-- Opening Marker --

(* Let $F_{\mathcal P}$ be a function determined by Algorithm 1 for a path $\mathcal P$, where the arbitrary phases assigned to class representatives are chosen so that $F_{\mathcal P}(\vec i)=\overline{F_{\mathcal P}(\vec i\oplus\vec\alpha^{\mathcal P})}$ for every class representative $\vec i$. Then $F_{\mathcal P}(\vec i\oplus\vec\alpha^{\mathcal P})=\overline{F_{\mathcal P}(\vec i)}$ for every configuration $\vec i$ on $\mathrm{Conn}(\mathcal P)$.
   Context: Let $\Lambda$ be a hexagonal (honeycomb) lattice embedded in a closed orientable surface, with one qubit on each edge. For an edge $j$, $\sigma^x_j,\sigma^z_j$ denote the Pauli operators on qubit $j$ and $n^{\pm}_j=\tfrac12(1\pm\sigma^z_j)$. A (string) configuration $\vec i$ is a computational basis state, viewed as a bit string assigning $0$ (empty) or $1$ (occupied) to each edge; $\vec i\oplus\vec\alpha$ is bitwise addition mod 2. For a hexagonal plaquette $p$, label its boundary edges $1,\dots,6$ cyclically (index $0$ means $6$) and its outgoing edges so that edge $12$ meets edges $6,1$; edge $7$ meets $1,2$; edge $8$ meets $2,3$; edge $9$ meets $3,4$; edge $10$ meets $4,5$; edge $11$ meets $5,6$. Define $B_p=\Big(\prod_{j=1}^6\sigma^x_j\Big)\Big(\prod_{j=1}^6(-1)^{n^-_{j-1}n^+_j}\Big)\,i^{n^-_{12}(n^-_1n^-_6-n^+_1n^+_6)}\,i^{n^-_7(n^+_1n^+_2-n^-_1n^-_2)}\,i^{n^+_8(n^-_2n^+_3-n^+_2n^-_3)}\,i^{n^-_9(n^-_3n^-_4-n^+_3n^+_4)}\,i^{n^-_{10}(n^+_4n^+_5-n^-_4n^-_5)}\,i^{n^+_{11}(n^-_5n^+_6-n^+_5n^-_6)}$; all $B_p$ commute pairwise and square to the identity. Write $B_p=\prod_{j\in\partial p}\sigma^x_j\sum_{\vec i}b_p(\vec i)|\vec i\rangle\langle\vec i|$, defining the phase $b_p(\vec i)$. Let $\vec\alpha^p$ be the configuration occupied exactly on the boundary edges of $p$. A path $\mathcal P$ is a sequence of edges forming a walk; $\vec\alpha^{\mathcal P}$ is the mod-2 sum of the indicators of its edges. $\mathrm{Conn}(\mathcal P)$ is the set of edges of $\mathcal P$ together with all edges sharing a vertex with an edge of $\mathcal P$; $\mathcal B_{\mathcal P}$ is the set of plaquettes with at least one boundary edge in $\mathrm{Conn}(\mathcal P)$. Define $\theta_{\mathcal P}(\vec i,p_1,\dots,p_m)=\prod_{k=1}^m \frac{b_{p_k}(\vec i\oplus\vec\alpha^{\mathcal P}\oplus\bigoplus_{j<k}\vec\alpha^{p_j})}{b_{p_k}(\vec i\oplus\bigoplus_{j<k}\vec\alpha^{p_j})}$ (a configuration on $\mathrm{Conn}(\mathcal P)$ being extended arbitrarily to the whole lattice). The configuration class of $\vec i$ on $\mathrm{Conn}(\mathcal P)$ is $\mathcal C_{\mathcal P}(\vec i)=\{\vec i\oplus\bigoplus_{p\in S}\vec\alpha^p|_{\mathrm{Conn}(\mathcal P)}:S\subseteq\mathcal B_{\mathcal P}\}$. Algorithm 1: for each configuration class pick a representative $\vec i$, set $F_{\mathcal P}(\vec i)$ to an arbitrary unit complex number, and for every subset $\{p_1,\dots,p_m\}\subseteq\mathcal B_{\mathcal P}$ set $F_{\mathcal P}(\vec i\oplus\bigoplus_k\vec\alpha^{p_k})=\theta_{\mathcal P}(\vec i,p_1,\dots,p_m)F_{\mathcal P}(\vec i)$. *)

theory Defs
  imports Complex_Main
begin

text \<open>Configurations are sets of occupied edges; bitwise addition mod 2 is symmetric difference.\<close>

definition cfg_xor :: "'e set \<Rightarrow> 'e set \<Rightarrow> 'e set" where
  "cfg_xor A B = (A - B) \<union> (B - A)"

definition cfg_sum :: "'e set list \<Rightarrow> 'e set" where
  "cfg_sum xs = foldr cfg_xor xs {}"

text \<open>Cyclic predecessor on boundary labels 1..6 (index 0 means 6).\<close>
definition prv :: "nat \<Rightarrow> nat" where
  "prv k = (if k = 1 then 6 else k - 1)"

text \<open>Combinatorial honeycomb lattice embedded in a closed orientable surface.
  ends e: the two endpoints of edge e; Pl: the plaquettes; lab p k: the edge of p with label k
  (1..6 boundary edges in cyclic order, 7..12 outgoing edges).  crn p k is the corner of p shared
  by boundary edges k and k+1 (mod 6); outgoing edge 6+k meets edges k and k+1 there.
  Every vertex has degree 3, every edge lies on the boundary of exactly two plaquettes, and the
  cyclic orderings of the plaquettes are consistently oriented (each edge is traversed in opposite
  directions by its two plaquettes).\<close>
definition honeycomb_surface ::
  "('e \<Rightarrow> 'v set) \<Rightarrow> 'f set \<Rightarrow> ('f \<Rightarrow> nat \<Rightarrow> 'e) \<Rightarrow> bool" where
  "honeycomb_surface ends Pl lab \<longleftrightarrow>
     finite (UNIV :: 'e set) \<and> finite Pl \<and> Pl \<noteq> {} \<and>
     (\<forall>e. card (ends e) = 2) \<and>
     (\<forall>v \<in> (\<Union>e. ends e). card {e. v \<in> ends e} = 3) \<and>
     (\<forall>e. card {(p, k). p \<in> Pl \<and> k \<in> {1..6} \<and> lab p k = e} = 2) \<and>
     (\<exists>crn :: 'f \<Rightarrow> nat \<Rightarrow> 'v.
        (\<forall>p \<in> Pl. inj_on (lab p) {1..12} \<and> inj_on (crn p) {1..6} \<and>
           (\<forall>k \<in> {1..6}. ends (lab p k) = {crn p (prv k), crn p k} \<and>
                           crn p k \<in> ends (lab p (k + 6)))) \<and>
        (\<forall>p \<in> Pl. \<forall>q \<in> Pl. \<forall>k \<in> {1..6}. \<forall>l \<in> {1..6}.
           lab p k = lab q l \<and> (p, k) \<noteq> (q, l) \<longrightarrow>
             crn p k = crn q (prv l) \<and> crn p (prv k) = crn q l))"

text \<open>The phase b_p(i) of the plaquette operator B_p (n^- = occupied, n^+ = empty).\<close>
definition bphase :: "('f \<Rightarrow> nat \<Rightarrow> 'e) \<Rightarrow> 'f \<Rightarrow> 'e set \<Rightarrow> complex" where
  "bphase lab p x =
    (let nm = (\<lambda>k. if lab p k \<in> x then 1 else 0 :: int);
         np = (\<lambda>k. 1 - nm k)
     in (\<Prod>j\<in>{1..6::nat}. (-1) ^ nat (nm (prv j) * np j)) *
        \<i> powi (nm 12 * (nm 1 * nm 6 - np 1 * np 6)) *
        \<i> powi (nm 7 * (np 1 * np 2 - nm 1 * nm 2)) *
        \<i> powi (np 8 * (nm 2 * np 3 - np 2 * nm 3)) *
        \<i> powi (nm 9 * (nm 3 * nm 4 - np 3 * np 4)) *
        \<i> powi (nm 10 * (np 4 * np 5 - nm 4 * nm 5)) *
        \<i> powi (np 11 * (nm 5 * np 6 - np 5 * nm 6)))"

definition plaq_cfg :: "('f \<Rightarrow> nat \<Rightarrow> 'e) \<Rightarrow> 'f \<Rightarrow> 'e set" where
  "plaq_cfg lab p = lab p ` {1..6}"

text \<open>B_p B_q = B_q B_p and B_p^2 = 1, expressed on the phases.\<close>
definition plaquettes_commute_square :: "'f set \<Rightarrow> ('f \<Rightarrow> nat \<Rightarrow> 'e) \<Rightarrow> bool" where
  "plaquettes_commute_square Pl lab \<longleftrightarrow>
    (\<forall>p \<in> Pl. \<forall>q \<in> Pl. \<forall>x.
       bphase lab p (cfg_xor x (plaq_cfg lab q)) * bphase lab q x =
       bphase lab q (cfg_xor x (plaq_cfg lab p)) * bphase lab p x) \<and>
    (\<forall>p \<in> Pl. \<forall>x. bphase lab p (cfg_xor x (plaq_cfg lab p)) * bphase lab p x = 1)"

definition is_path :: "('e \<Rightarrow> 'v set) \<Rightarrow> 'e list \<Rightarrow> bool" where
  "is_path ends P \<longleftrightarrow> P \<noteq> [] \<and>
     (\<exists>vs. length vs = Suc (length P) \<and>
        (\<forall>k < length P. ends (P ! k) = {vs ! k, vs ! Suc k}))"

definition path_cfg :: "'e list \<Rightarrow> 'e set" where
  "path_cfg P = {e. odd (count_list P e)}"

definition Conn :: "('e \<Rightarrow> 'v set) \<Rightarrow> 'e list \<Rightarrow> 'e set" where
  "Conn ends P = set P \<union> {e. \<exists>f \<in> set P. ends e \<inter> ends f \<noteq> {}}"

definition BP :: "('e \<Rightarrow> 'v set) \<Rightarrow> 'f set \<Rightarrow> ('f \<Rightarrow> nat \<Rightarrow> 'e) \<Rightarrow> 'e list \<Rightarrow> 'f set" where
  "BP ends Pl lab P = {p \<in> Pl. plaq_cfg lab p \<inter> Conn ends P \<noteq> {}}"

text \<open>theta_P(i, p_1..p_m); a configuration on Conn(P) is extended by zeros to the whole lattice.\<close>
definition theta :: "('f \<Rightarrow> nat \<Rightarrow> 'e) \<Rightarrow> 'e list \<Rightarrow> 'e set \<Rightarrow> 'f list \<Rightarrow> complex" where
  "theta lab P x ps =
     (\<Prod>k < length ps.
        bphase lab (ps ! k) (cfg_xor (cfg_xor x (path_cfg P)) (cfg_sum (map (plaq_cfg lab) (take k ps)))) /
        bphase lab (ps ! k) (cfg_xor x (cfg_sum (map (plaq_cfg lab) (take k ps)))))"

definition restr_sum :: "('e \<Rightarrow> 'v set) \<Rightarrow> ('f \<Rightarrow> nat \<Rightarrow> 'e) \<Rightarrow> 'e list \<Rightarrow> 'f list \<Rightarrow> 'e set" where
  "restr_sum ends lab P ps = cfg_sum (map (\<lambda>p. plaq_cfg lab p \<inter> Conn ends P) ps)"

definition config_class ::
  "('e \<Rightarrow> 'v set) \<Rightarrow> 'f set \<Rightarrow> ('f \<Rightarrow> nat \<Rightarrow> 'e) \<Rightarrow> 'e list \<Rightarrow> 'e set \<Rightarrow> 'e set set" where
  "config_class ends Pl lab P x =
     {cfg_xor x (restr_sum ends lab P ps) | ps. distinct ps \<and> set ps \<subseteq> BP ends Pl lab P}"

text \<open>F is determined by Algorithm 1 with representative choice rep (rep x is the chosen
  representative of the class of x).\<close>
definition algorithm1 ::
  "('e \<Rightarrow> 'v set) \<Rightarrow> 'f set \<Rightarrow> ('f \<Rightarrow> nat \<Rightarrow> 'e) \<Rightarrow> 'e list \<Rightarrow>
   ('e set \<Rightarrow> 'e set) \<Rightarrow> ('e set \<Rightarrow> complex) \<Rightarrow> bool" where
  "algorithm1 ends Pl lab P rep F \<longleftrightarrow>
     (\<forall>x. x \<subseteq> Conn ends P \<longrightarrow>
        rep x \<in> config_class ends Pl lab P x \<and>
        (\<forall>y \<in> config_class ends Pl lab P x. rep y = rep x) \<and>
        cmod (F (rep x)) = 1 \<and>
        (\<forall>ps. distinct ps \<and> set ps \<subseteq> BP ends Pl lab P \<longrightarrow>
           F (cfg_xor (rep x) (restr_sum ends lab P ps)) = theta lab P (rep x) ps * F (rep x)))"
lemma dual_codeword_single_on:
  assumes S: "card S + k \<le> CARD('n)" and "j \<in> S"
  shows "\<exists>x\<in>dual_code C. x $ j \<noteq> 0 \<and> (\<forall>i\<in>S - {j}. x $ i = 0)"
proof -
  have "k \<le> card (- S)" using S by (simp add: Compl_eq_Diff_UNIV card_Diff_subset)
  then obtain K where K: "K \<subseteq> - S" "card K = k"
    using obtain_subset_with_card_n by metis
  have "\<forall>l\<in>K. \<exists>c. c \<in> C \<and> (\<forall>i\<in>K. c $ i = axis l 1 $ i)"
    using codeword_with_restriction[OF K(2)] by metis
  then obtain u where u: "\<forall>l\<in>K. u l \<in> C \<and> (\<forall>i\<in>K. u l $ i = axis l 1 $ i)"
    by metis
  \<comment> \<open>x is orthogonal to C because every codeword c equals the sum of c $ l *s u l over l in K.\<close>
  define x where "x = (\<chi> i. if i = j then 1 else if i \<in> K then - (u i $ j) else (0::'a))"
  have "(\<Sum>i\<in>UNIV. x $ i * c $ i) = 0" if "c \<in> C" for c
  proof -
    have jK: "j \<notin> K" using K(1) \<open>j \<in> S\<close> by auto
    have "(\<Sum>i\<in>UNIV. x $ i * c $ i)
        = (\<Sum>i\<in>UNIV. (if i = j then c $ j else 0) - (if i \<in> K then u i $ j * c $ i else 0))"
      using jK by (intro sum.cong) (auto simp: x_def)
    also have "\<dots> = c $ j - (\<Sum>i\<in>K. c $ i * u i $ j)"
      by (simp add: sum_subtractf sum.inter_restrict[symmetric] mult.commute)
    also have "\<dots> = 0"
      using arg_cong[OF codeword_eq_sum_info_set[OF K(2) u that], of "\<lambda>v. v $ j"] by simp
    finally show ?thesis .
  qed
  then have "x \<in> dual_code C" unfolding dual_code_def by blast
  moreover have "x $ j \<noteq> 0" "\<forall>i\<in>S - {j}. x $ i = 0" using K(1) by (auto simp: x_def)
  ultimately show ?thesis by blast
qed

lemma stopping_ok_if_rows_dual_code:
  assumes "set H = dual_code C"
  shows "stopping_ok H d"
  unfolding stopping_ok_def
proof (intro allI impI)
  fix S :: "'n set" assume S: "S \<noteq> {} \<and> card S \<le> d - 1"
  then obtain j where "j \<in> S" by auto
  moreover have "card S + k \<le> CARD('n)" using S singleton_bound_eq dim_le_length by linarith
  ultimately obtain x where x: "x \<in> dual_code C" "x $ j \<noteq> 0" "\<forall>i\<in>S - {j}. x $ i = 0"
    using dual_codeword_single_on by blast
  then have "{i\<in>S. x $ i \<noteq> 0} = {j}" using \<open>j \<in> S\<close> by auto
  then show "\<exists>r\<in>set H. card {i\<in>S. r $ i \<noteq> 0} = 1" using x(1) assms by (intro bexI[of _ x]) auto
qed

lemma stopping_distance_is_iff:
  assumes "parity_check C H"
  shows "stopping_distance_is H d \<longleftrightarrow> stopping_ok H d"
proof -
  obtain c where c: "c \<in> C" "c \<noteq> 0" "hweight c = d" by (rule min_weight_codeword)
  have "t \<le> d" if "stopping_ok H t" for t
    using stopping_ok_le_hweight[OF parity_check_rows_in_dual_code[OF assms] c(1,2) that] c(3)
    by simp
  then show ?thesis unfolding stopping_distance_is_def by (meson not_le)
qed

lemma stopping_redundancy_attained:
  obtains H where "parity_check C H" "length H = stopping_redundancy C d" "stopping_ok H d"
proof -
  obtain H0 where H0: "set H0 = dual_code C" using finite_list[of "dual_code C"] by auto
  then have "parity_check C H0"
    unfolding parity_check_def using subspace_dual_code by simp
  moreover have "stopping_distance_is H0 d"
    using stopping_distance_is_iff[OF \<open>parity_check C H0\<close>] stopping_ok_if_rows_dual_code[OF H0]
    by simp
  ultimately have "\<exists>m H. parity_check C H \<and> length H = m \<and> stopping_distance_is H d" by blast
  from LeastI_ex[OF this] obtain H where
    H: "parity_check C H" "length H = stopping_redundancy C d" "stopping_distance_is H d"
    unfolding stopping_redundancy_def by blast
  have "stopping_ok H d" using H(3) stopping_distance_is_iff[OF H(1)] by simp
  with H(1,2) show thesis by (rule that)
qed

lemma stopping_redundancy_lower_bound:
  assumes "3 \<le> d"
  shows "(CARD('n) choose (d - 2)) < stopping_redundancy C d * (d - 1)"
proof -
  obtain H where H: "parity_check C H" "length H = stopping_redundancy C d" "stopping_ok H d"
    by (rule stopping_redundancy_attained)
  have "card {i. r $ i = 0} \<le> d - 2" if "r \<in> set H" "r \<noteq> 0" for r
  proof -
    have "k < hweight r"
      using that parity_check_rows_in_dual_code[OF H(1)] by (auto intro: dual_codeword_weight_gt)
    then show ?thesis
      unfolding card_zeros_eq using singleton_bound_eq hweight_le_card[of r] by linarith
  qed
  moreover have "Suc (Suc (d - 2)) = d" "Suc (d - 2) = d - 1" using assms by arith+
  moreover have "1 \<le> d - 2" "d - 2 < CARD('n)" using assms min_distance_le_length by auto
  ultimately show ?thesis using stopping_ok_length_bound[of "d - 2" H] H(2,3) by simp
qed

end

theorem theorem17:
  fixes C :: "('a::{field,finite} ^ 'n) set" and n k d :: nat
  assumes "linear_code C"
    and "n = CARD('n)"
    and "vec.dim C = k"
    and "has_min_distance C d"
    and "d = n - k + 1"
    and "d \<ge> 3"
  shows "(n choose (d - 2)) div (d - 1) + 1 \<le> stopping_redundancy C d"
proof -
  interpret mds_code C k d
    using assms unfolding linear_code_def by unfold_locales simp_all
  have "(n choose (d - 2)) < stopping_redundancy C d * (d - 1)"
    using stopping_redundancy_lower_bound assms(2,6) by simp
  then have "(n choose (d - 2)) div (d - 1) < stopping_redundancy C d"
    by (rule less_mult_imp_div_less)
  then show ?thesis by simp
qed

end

-- Closing Marker --

§ Exercise brief
Word for word, restate the lines of the data above that fall between the line holding "define x where" and the line holding "K(1) \<open>j \<in> S\<close> by auto", inclusive, and no other lines.

§ Result for this exercise
  define x where "x = (\<chi> i. if i = j then 1 else if i \<in> K then - (u i $ j) else (0::'a))"
  have "(\<Sum>i\<in>UNIV. x $ i * c $ i) = 0" if "c \<in> C" for c
  proof -
    have jK: "j \<notin> K" using K(1) \<open>j \<in> S\<close> by auto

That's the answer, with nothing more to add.